:: DIRECTIONS FOR THIS TASK ::
Filter task. Return each line of the material that holds the string "auto".
═════ DATA
(* Let $v\in\mathbb{C}$ and let $S\geq1$ be a fixed integer. Put $\tilde p(z)=1-e^z+z$. As $n\to\infty$, \begin{align*} \int_{-2}^{0}e^{n\tilde p(z)}e^{vz}\,dz&=\sum_{s=0}^{S-1}\Gamma\!\left(\frac{s+1}{2}\right)\frac{(-1)^s\tilde\beta_s(v)}{n^{(s+1)/2}}+O\!\left(\frac{1}{n^{(S+1)/2}}\right),\\ \int_{0}^{2}e^{n\tilde p(z)}e^{vz}\,dz&=\sum_{s=0}^{S-1}\Gamma\!\left(\frac{s+1}{2}\right)\frac{\tilde\beta_s(v)}{n^{(s+1)/2}}+O\!\left(\frac{1}{n^{(S+1)/2}}\right), \end{align*} where \[ \tilde\beta_s(v)=\sum_{m=0}^{s}\frac{v^{s-m}}{(s-m)!}\sum_{k=0}^{m}2^{(s-1)/2+k}\binom{-(s+1)/2}{k}\mathcal{A}_{m,k}\!\left(\tfrac1{3!},\tfrac1{4!},\tfrac1{5!},\dots\right). \]
   Context: De Moivre polynomial $\mathcal{A}_{n,k}(a_1,a_2,\dots)$: coefficient of $x^n$ in $(a_1x+a_2x^2+\cdots)^k$. $\binom{x}{k}=x(x-1)\cdots(x-k+1)/k!$ for complex $x$. *)

theory Defs
  imports "HOL-Analysis.Analysis" "HOL-Library.Landau_Symbols"
    "HOL-Computational_Algebra.Formal_Power_Series"
begin

text \<open>De Moivre polynomial: coefficient of x^n in (a 1 * x + a 2 * x^2 + ...)^k.
  The sequence a is indexed from 1; the value a 0 is ignored.\<close>
definition demoivre :: "(nat \<Rightarrow> 'a::comm_ring_1) \<Rightarrow> nat \<Rightarrow> nat \<Rightarrow> 'a" where
  "demoivre a n k = fps_nth ((Abs_fps (\<lambda>j. if j = 0 then 0 else a j)) ^ k) n"

definition ptilde :: "real \<Rightarrow> real" where
  "ptilde z = 1 - exp z + z"

text \<open>beta~_s(v), with coefficients a_j = 1/(j+2)!, i.e. 1/3!, 1/4!, ...\<close>
definition beta_tilde :: "nat \<Rightarrow> complex \<Rightarrow> complex" where
  "beta_tilde s v = (\<Sum>m=0..s. v ^ (s - m) / of_nat (fact (s - m)) *
      complex_of_real (\<Sum>k=0..m. 2 powr ((real s - 1) / 2 + real k)
         * ((- (real s + 1) / 2) gchoose k)
         * demoivre (\<lambda>j. 1 / fact (j + 2)) m k))"

end

theory Submission
  imports Defs "HOL-Complex_Analysis.Complex_Analysis"
begin

text \<open>The substitution \<open>y = u(z)\<close> with \<open>u(z)^2 / 2 = e^z - 1 - z\<close>, i.e.
  \<open>u(z) = z (2 (e^z - 1 - z) / z^2)^(1/2)\<close>, turns \<open>e^(n p(z))\<close> into the Gaussian \<open>e^(-n y^2/2)\<close>.
  Lagrange inversion writes \<open>e^(vz) = (SUM s<S. c_s u^s u') + O(z^S)\<close> with
  \<open>c_s = [z^s] e^(vz) (z/u)^(s+1)\<close>, and expanding
  \<open>(z/u)^(s+1) = (1 + 2 (z/3! + z^2/4! + ...))^(-(s+1)/2)\<close> by the binomial series shows
  \<open>2^((s-1)/2) c_s = beta_tilde s v\<close>. The term \<open>c_s u^s u'\<close> integrates to a truncated Gaussian moment
  \<open>\<integral>\<^sub>0\<^sup>L e^(-n y^2/2) y^s dy\<close>, which is \<open>2^((s-1)/2) Gamma((s+1)/2) / n^((s+1)/2)\<close> up to an error
  smaller than any power of \<open>n\<close>; since \<open>u(z)^2 \<ge> c z^2\<close>, the remainder contributes
  \<open>O(\<integral> e^(-c n z^2/2) |z|^S dz) = O(n^(-(S+1)/2))\<close>. On \<open>[-2, 0]\<close> the new variable runs over
  \<open>[u(-2), 0]\<close>, which produces the sign \<open>(-1)^s\<close>.\<close>

section \<open>Lagrange inversion for formal power series\<close>

definition lagrange_coeff :: "'a::field_char_0 fps \<Rightarrow> 'a fps \<Rightarrow> nat \<Rightarrow> 'a" where
  "lagrange_coeff W G s = fps_nth (G * inverse W ^ (s + 1)) s"

lemma fps_deriv_X_mult_times_inverse_power:
  fixes W :: "'a::field_char_0 fps"
  assumes W0: "fps_nth W 0 = 1" and k: "0 < k"
  shows "of_nat k * (fps_deriv (fps_X * W) * inverse W ^ (k + 1))
       = of_nat (k + 1) * inverse W ^ k - fps_deriv (fps_X * inverse W ^ k)"
proof -
  define V where "V = inverse W"
  have VW: "V * W = 1" unfolding V_def using W0 by (simp add: inverse_mult_eq_1)
  have dV: "fps_deriv V = - fps_deriv W * V^2" unfolding V_def using W0 by (simp add: fps_inverse_deriv)
  have dVk: "fps_deriv (V^k) = of_nat k * fps_deriv V * V^(k-1)" by (rule fps_deriv_power')
  have pk: "V^2 * V^(k-1) = V^(k+1)" using k by (simp add: power_add[symmetric])
  have pk2: "V^(k+1) * W = V^k" using VW by (simp add: mult.assoc mult.commute mult.left_commute)
  have "of_nat k * (fps_deriv (fps_X * W) * V^(k+1))
      = of_nat k * V^k + of_nat k * fps_X * fps_deriv W * V^(k+1)"
    using pk2 by (simp add: algebra_simps)
  also have "\<dots> = of_nat (k+1) * V^k - fps_deriv (fps_X * V^k)"
    using pk by (simp add: dVk dV algebra_simps)
  finally show ?thesis unfolding V_def .
qed

text \<open>With \<open>U = X W\<close>, the coefficient of \<open>X^j\<close> in \<open>U^s U' / W^(j+1)\<close> is the residue of
  \<open>U^(s-j-1) U'\<close>, which vanishes for \<open>s \<noteq> j\<close> because that is a derivative; for \<open>s < j\<close> the
  previous lemma makes the primitive explicit.\<close>
lemma fps_nth_power_deriv_times_inverse_power:
  fixes W :: "'a::field_char_0 fps"
  assumes W0: "fps_nth W 0 = 1"
  shows "fps_nth ((fps_X * W) ^ s * fps_deriv (fps_X * W) * inverse W ^ (j + 1)) j
           = (if s = j then 1 else 0)"
proof -
  define V where "V = inverse W"
  have VW: "V * W = 1" unfolding V_def using W0 by (simp add: inverse_mult_eq_1)
  have V0: "fps_nth V 0 = 1" unfolding V_def using W0 by simp
  have eq: "(fps_X * W)^s * fps_deriv (fps_X * W) * V^(j+1)
      = fps_X^s * (W^s * fps_deriv (fps_X * W) * V^(j+1))"
    by (simp add: algebra_simps)
  show ?thesis
  proof (cases "j < s")
    case True
    then show ?thesis unfolding V_def[symmetric] eq fps_X_power_mult_nth by simp
  next
    case False
    define k where "k = j - s"
    have jk: "j + 1 = s + (k + 1)" using False k_def by simp
    have "W^s * fps_deriv (fps_X * W) * V^(j+1) = (V * W)^s * (fps_deriv (fps_X * W) * V^(k+1))"
      unfolding jk power_add power_mult_distrib by (simp add: algebra_simps)
    also have "\<dots> = fps_deriv (fps_X * W) * V^(k+1)" using VW by simp
    finally have e2: "W^s * fps_deriv (fps_X * W) * V^(j+1) = fps_deriv (fps_X * W) * V^(k+1)" .
    show ?thesis
    proof (cases "k = 0")
      case True
      thus ?thesis unfolding V_def[symmetric] eq fps_X_power_mult_nth e2 using False k_def V0 W0
        by (simp add: fps_mult_nth)
    next
      case False
      hence "0 < k" by simp
      have "fps_nth (of_nat k * (fps_deriv (fps_X * W) * V^(k+1))) k = 0"
        unfolding V_def fps_deriv_X_mult_times_inverse_power[OF W0 \<open>0 < k\<close>]
        by (simp add: fps_of_nat[symmetric] algebra_simps)
      hence "of_nat k * fps_nth (fps_deriv (fps_X * W) * V^(k+1)) k = 0"
        by (simp add: fps_of_nat[symmetric])
      thus ?thesis unfolding V_def[symmetric] eq fps_X_power_mult_nth e2 using False k_def
        by simp
    qed
  qed
qed

lemma fps_nth_sub_lagrange_sum:
  fixes W G :: "'a::field_char_0 fps"
  assumes W0: "fps_nth W 0 = 1" and "j < S"
  shows "fps_nth (G - (\<Sum>s<S. fps_const (lagrange_coeff W G s) *
                        ((fps_X * W) ^ s * fps_deriv (fps_X * W)))) j = 0"
  using \<open>j < S\<close>
proof (induction j rule: less_induct)
  case (less j)
  define D where
    "D = G - (\<Sum>s<S. fps_const (lagrange_coeff W G s) * ((fps_X * W)^s * fps_deriv (fps_X * W)))"
  define V where "V = inverse W"
  have V0: "fps_nth V 0 = 1" unfolding V_def using W0 by simp
  have DV: "D * V^(j+1) = G * V^(j+1) - (\<Sum>s<S. fps_const (lagrange_coeff W G s) *
                        ((fps_X * W)^s * fps_deriv (fps_X * W) * V^(j+1)))"
    unfolding D_def by (simp add: sum_distrib_right left_diff_distrib mult.assoc)
  have "fps_nth (D * V^(j+1)) j
      = lagrange_coeff W G j - (\<Sum>s<S. lagrange_coeff W G s * (if s = j then 1 else 0))"
    unfolding DV fps_sub_nth fps_sum_nth fps_mult_left_const_nth
    unfolding V_def fps_nth_power_deriv_times_inverse_power[OF W0]
    by (simp add: lagrange_coeff_def)
  also have "\<dots> = lagrange_coeff W G j - (\<Sum>s<S. if s = j then lagrange_coeff W G s else 0)"
    by (intro arg_cong2[where f="(-)"] refl sum.cong) auto
  also have "\<dots> = 0" using less.prems by simp
  finally have coeff_j: "fps_nth (D * V^(j+1)) j = 0" .
  have "fps_nth (D * V^(j+1)) j = (\<Sum>i=0..j. fps_nth D i * fps_nth (V^(j+1)) (j - i))"
    by (rule fps_mult_nth)
  also have "\<dots> = (\<Sum>i\<in>{j}. fps_nth D i * fps_nth (V^(j+1)) (j - i))"
    using less.IH less.prems unfolding D_def by (intro sum.mono_neutral_right) auto
  also have "\<dots> = fps_nth D j" using V0 by (simp add: fps_nth_power_0)
  finally show ?case using coeff_j unfolding D_def by simp
qed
══════════
:: FINISHED TASK ::
    by (intro arg_cong2[where f="(-)"] refl sum.cong) auto
    using less.IH less.prems unfolding D_def by (intro sum.mono_neutral_right) auto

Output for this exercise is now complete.